Repeat the material exactly, leaving no line out.
-- DATASET CONTENT follows --
text \<open>Optional stopping on finite horizons: phi is harmonic, nonnegative on the region Dom that the
  chain cannot leave before exiting (lo, hi), and at least D wherever the chain exits without
  hitting A.\<close>

lemma hit_prob_ge_harmonic:
  assumes p: "0 \<le> p" "p \<le> 1" and D: "0 < D"
    and harmonic: "\<And>s b. p * \<phi> (s + ladder_incr b True) True + (1 - p) * \<phi> (s - 1) False = \<phi> s b"
    and Dom_closed: "\<And>s b. Dom s \<Longrightarrow> lo < s \<Longrightarrow> s < hi \<Longrightarrow> \<not> A s \<Longrightarrow> Dom (s + ladder_incr b True) \<and> Dom (s - 1)"
    and nonneg: "\<And>s b. Dom s \<Longrightarrow> 0 \<le> \<phi> s b"
    and exit: "\<And>s b. Dom s \<Longrightarrow> \<not> A s \<Longrightarrow> \<not> (lo < s \<and> s < hi) \<Longrightarrow> D \<le> \<phi> s b"
    and A_outside: "\<And>s. A s \<Longrightarrow> \<not> (lo < s \<and> s < hi)"
  shows "Dom s \<Longrightarrow> 1 - \<phi> s b / D - stay_prob p lo hi N s b \<le> hit_prob p A N s b"
proof (induction N arbitrary: s b)
  case 0
  then show ?case
    using nonneg[OF 0] exit[OF 0] A_outside[of s] D by auto
next
  case (Suc N)
  consider "A s" | "\<not> A s" "\<not> (lo < s \<and> s < hi)" | "\<not> A s" "lo < s" "s < hi"
    by blast
  then show ?case
  proof cases
    case 1
    then show ?thesis
      using nonneg[OF Suc.prems] D A_outside by (simp add: stay_prob_outside del: stay_prob.simps)
  next
    case 2
    then have "1 \<le> \<phi> s b / D"
      using exit[OF Suc.prems] D by simp
    then show ?thesis
      using 2 hit_prob_nonneg[OF p, of A "Suc N" s b]
      by (simp add: stay_prob_outside del: stay_prob.simps hit_prob.simps)
  next
    case 3
    let ?u = "s + ladder_incr b True" and ?d = "s - 1"
    have "Dom ?u" "Dom ?d"
      using Dom_closed[OF Suc.prems] 3 by auto
    then have "p * (1 - \<phi> ?u True / D - stay_prob p lo hi N ?u True)
          + (1 - p) * (1 - \<phi> ?d False / D - stay_prob p lo hi N ?d False)
        \<le> p * hit_prob p A N ?u True + (1 - p) * hit_prob p A N ?d False"
      using Suc.IH p by (intro add_mono mult_left_mono) auto
    moreover have "p * (1 - \<phi> ?u True / D - stay_prob p lo hi N ?u True)
          + (1 - p) * (1 - \<phi> ?d False / D - stay_prob p lo hi N ?d False)
        = 1 - (p * \<phi> ?u True + (1 - p) * \<phi> ?d False) / D
          - (p * stay_prob p lo hi N ?u True + (1 - p) * stay_prob p lo hi N ?d False)"
      using D by (simp add: field_simps)
    ultimately show ?thesis
      using 3 harmonic[of s b] by simp
  qed
qed

text \<open>The identity p^2 + 2p = 1 enters the proof only here: it makes the expected increment of
  s + p [b] vanish in both states b.\<close>

definition ladder_mart :: "real \<Rightarrow> int \<Rightarrow> bool \<Rightarrow> real" where
  "ladder_mart p s b = real_of_int s + (if b then p else 0)"

lemma ladder_mart_harmonic:
  assumes "p\<^sup>2 + 2 * p = 1"
  shows "p * ladder_mart p (s + ladder_incr b True) True + (1 - p) * ladder_mart p (s - 1) False
    = ladder_mart p s b"
  using assms by (cases b) (simp_all add: ladder_mart_def ladder_incr_def algebra_simps power2_eq_square)

lemma hit_prob_down_bound:
  fixes x :: int and M :: nat
  assumes p: "0 \<le> p" "p \<le> 1" "p\<^sup>2 + 2 * p = 1" and "0 < x" "0 < M"
  shows "1 - real_of_int x / (real M + real_of_int x) - (1 - (1 - p) ^ nat (int M + x)) ^ k
    \<le> hit_prob p (\<lambda>s. s \<le> -x) (k * nat (int M + x)) 0 False"
proof -
  let ?N = "k * nat (int M + x)"
  have "1 - (ladder_mart p 0 False + x) / real_of_int (int M + x) - stay_prob p (-x) (int M) ?N 0 False
      \<le> hit_prob p (\<lambda>s. s \<le> -x) ?N 0 False"
  proof (rule hit_prob_ge_harmonic[OF p(1,2), where Dom = "\<lambda>s. -x \<le> s"])
    show "p * (ladder_mart p (s + ladder_incr b True) True + x) + (1 - p) * (ladder_mart p (s - 1) False + x)
        = ladder_mart p s b + x" for s b
      using ladder_mart_harmonic[OF p(3), of s b] by (simp add: algebra_simps)
    show "0 \<le> ladder_mart p s b + x" if "-x \<le> s" for s b
      using that p by (simp add: ladder_mart_def)
    show "real_of_int (int M + x) \<le> ladder_mart p s b + x"
      if "\<not> s \<le> -x" "\<not> (-x < s \<and> s < int M)" for s b
      using that p by (simp add: ladder_mart_def)
  qed (use assms in \<open>auto simp: ladder_incr_def\<close>)
  moreover have "stay_prob p (-x) (int M) ?N 0 False \<le> (1 - (1 - p) ^ nat (int M + x)) ^ k"
    using stay_prob_le_power[OF p(1,2), of "-x" "int M" k 0 False] assms by simp
  ultimately show ?thesis
    by (simp add: ladder_mart_def)
qed

lemma hit_prob_up_bound:
  fixes x :: int and M :: nat
  assumes p: "0 \<le> p" "p \<le> 1" "p\<^sup>2 + 2 * p = 1" and "0 < x" "0 < M"
  shows "1 - real_of_int (x + 2) / (real M + real_of_int (x + 1)) - (1 - (1 - p) ^ nat (int M + x)) ^ k
    \<le> hit_prob p (\<lambda>s. x \<le> s) (k * nat (int M + x)) 0 False"
proof -
  let ?N = "k * nat (int M + x)"
  have "1 - (x + 2 - ladder_mart p 0 False) / real_of_int (int M + x + 1) - stay_prob p (- int M) x ?N 0 False
      \<le> hit_prob p (\<lambda>s. x \<le> s) ?N 0 False"
  proof (rule hit_prob_ge_harmonic[OF p(1,2), where Dom = "\<lambda>s. s \<le> x + 1"])
    show "p * (x + 2 - ladder_mart p (s + ladder_incr b True) True) + (1 - p) * (x + 2 - ladder_mart p (s - 1) False)
        = x + 2 - ladder_mart p s b" for s b
      using ladder_mart_harmonic[OF p(3), of s b] by (simp add: algebra_simps)
    show "0 \<le> x + 2 - ladder_mart p s b" if "s \<le> x + 1" for s b
      using that p by (simp add: ladder_mart_def)
    show "real_of_int (int M + x + 1) \<le> x + 2 - ladder_mart p s b"
      if "s \<le> x + 1" "\<not> x \<le> s" "\<not> (- int M < s \<and> s < x)" for s b
      using that p by (simp add: ladder_mart_def)
  qed (use assms in \<open>auto simp: ladder_incr_def\<close>)
  moreover have "stay_prob p (- int M) x ?N 0 False \<le> (1 - (1 - p) ^ nat (int M + x)) ^ k"
    using stay_prob_le_power[OF p(1,2), of "- int M" x k 0 False] assms by (simp add: add.commute)
  ultimately show ?thesis
    by (simp add: ladder_mart_def add.commute add.left_commute)
qed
-- DATASET CONTENT concluded --
ANSWER SPACE
text \<open>Optional stopping on finite horizons: phi is harmonic, nonnegative on the region Dom that the
  chain cannot leave before exiting (lo, hi), and at least D wherever the chain exits without
  hitting A.\<close>

lemma hit_prob_ge_harmonic:
  assumes p: "0 \<le> p" "p \<le> 1" and D: "0 < D"
    and harmonic: "\<And>s b. p * \<phi> (s + ladder_incr b True) True + (1 - p) * \<phi> (s - 1) False = \<phi> s b"
    and Dom_closed: "\<And>s b. Dom s \<Longrightarrow> lo < s \<Longrightarrow> s < hi \<Longrightarrow> \<not> A s \<Longrightarrow> Dom (s + ladder_incr b True) \<and> Dom (s - 1)"
    and nonneg: "\<And>s b. Dom s \<Longrightarrow> 0 \<le> \<phi> s b"
    and exit: "\<And>s b. Dom s \<Longrightarrow> \<not> A s \<Longrightarrow> \<not> (lo < s \<and> s < hi) \<Longrightarrow> D \<le> \<phi> s b"
    and A_outside: "\<And>s. A s \<Longrightarrow> \<not> (lo < s \<and> s < hi)"
  shows "Dom s \<Longrightarrow> 1 - \<phi> s b / D - stay_prob p lo hi N s b \<le> hit_prob p A N s b"
proof (induction N arbitrary: s b)
  case 0
  then show ?case
    using nonneg[OF 0] exit[OF 0] A_outside[of s] D by auto
next
  case (Suc N)
  consider "A s" | "\<not> A s" "\<not> (lo < s \<and> s < hi)" | "\<not> A s" "lo < s" "s < hi"
    by blast
  then show ?case
  proof cases
    case 1
    then show ?thesis
      using nonneg[OF Suc.prems] D A_outside by (simp add: stay_prob_outside del: stay_prob.simps)
  next
    case 2
    then have "1 \<le> \<phi> s b / D"
      using exit[OF Suc.prems] D by simp
    then show ?thesis
      using 2 hit_prob_nonneg[OF p, of A "Suc N" s b]
      by (simp add: stay_prob_outside del: stay_prob.simps hit_prob.simps)
  next
    case 3
    let ?u = "s + ladder_incr b True" and ?d = "s - 1"
    have "Dom ?u" "Dom ?d"
      using Dom_closed[OF Suc.prems] 3 by auto
    then have "p * (1 - \<phi> ?u True / D - stay_prob p lo hi N ?u True)
          + (1 - p) * (1 - \<phi> ?d False / D - stay_prob p lo hi N ?d False)
        \<le> p * hit_prob p A N ?u True + (1 - p) * hit_prob p A N ?d False"
      using Suc.IH p by (intro add_mono mult_left_mono) auto
    moreover have "p * (1 - \<phi> ?u True / D - stay_prob p lo hi N ?u True)
          + (1 - p) * (1 - \<phi> ?d False / D - stay_prob p lo hi N ?d False)
        = 1 - (p * \<phi> ?u True + (1 - p) * \<phi> ?d False) / D
          - (p * stay_prob p lo hi N ?u True + (1 - p) * stay_prob p lo hi N ?d False)"
      using D by (simp add: field_simps)
    ultimately show ?thesis
      using 3 harmonic[of s b] by simp
  qed
qed

text \<open>The identity p^2 + 2p = 1 enters the proof only here: it makes the expected increment of
  s + p [b] vanish in both states b.\<close>

definition ladder_mart :: "real \<Rightarrow> int \<Rightarrow> bool \<Rightarrow> real" where
  "ladder_mart p s b = real_of_int s + (if b then p else 0)"

lemma ladder_mart_harmonic:
  assumes "p\<^sup>2 + 2 * p = 1"
  shows "p * ladder_mart p (s + ladder_incr b True) True + (1 - p) * ladder_mart p (s - 1) False
    = ladder_mart p s b"
  using assms by (cases b) (simp_all add: ladder_mart_def ladder_incr_def algebra_simps power2_eq_square)

lemma hit_prob_down_bound:
  fixes x :: int and M :: nat
  assumes p: "0 \<le> p" "p \<le> 1" "p\<^sup>2 + 2 * p = 1" and "0 < x" "0 < M"
  shows "1 - real_of_int x / (real M + real_of_int x) - (1 - (1 - p) ^ nat (int M + x)) ^ k
    \<le> hit_prob p (\<lambda>s. s \<le> -x) (k * nat (int M + x)) 0 False"
proof -
  let ?N = "k * nat (int M + x)"
  have "1 - (ladder_mart p 0 False + x) / real_of_int (int M + x) - stay_prob p (-x) (int M) ?N 0 False
      \<le> hit_prob p (\<lambda>s. s \<le> -x) ?N 0 False"
  proof (rule hit_prob_ge_harmonic[OF p(1,2), where Dom = "\<lambda>s. -x \<le> s"])
    show "p * (ladder_mart p (s + ladder_incr b True) True + x) + (1 - p) * (ladder_mart p (s - 1) False + x)
        = ladder_mart p s b + x" for s b
      using ladder_mart_harmonic[OF p(3), of s b] by (simp add: algebra_simps)
    show "0 \<le> ladder_mart p s b + x" if "-x \<le> s" for s b
      using that p by (simp add: ladder_mart_def)
    show "real_of_int (int M + x) \<le> ladder_mart p s b + x"
      if "\<not> s \<le> -x" "\<not> (-x < s \<and> s < int M)" for s b
      using that p by (simp add: ladder_mart_def)
  qed (use assms in \<open>auto simp: ladder_incr_def\<close>)
  moreover have "stay_prob p (-x) (int M) ?N 0 False \<le> (1 - (1 - p) ^ nat (int M + x)) ^ k"
    using stay_prob_le_power[OF p(1,2), of "-x" "int M" k 0 False] assms by simp
  ultimately show ?thesis
    by (simp add: ladder_mart_def)
qed

lemma hit_prob_up_bound:
  fixes x :: int and M :: nat
  assumes p: "0 \<le> p" "p \<le> 1" "p\<^sup>2 + 2 * p = 1" and "0 < x" "0 < M"
  shows "1 - real_of_int (x + 2) / (real M + real_of_int (x + 1)) - (1 - (1 - p) ^ nat (int M + x)) ^ k
    \<le> hit_prob p (\<lambda>s. x \<le> s) (k * nat (int M + x)) 0 False"
proof -
  let ?N = "k * nat (int M + x)"
  have "1 - (x + 2 - ladder_mart p 0 False) / real_of_int (int M + x + 1) - stay_prob p (- int M) x ?N 0 False
      \<le> hit_prob p (\<lambda>s. x \<le> s) ?N 0 False"
  proof (rule hit_prob_ge_harmonic[OF p(1,2), where Dom = "\<lambda>s. s \<le> x + 1"])
    show "p * (x + 2 - ladder_mart p (s + ladder_incr b True) True) + (1 - p) * (x + 2 - ladder_mart p (s - 1) False)
        = x + 2 - ladder_mart p s b" for s b
      using ladder_mart_harmonic[OF p(3), of s b] by (simp add: algebra_simps)
    show "0 \<le> x + 2 - ladder_mart p s b" if "s \<le> x + 1" for s b
      using that p by (simp add: ladder_mart_def)
    show "real_of_int (int M + x + 1) \<le> x + 2 - ladder_mart p s b"
      if "s \<le> x + 1" "\<not> x \<le> s" "\<not> (- int M < s \<and> s < x)" for s b
      using that p by (simp add: ladder_mart_def)
  qed (use assms in \<open>auto simp: ladder_incr_def\<close>)
  moreover have "stay_prob p (- int M) x ?N 0 False \<le> (1 - (1 - p) ^ nat (int M + x)) ^ k"
    using stay_prob_le_power[OF p(1,2), of "- int M" x k 0 False] assms by (simp add: add.commute)
  ultimately show ?thesis
    by (simp add: ladder_mart_def add.commute add.left_commute)
qed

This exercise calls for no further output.